▶ EXERCISE DESCRIPTION
Which lines below contain "definition"? Pull them out.
═══ DATA FOR PROCESSING ═══
definition component :: "'a set \<Rightarrow> ('a \<times> 'a) set \<Rightarrow> 'a \<Rightarrow> 'a set" where
  "component V F u = {v \<in> V. (u, v) \<in> (F \<union> F\<inverse>)\<^sup>*}"

text \<open>The subgraph of (V,F) on vertex set C is an isolated vertex (list of length 1)
  or a simple directed path through the distinct vertices vs.\<close>
definition path_component :: "'a set \<Rightarrow> ('a \<times> 'a) set \<Rightarrow> bool" where
  "path_component C F \<longleftrightarrow>
     (\<exists>vs. vs \<noteq> [] \<and> distinct vs \<and> set vs = C \<and>
        {(a, b) \<in> F. a \<in> C \<and> b \<in> C} = set (zip vs (tl vs)))"

definition multipath :: "'a set \<Rightarrow> ('a \<times> 'a) set \<Rightarrow> ('a \<times> 'a) set \<Rightarrow> bool" where
  "multipath V E F \<longleftrightarrow> F \<subseteq> E \<and> (\<forall>u\<in>V. path_component (component V F u) F)"

text \<open>Path poset: multipaths (identified with their edge sets), ordered by inclusion.\<close>
definition path_poset :: "'a set \<Rightarrow> ('a \<times> 'a) set \<Rightarrow> ('a \<times> 'a) set set" where
  "path_poset V E = {F. multipath V E F}"

definition has_maximum :: "'b set set \<Rightarrow> bool" where
  "has_maximum P \<longleftrightarrow> (\<exists>M\<in>P. \<forall>F\<in>P. F \<subseteq> M)"

definition poset_iso :: "'b set set \<Rightarrow> 'c set set \<Rightarrow> bool" where
  "poset_iso P Q \<longleftrightarrow> (\<exists>f. bij_betw f P Q \<and> (\<forall>x\<in>P. \<forall>y\<in>P. x \<subseteq> y \<longleftrightarrow> f x \<subseteq> f y))"

definition boolean_B :: "nat \<Rightarrow> nat set set" where
  "boolean_B n = Pow {..<n}"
═══
▶ EXERCISE OUTPUT
definition component :: "'a set \<Rightarrow> ('a \<times> 'a) set \<Rightarrow> 'a \<Rightarrow> 'a set" where
definition path_component :: "'a set \<Rightarrow> ('a \<times> 'a) set \<Rightarrow> bool" where
definition multipath :: "'a set \<Rightarrow> ('a \<times> 'a) set \<Rightarrow> ('a \<times> 'a) set \<Rightarrow> bool" where
definition path_poset :: "'a set \<Rightarrow> ('a \<times> 'a) set \<Rightarrow> ('a \<times> 'a) set set" where
definition has_maximum :: "'b set set \<Rightarrow> bool" where
definition poset_iso :: "'b set set \<Rightarrow> 'c set set \<Rightarrow> bool" where
definition boolean_B :: "nat \<Rightarrow> nat set set" where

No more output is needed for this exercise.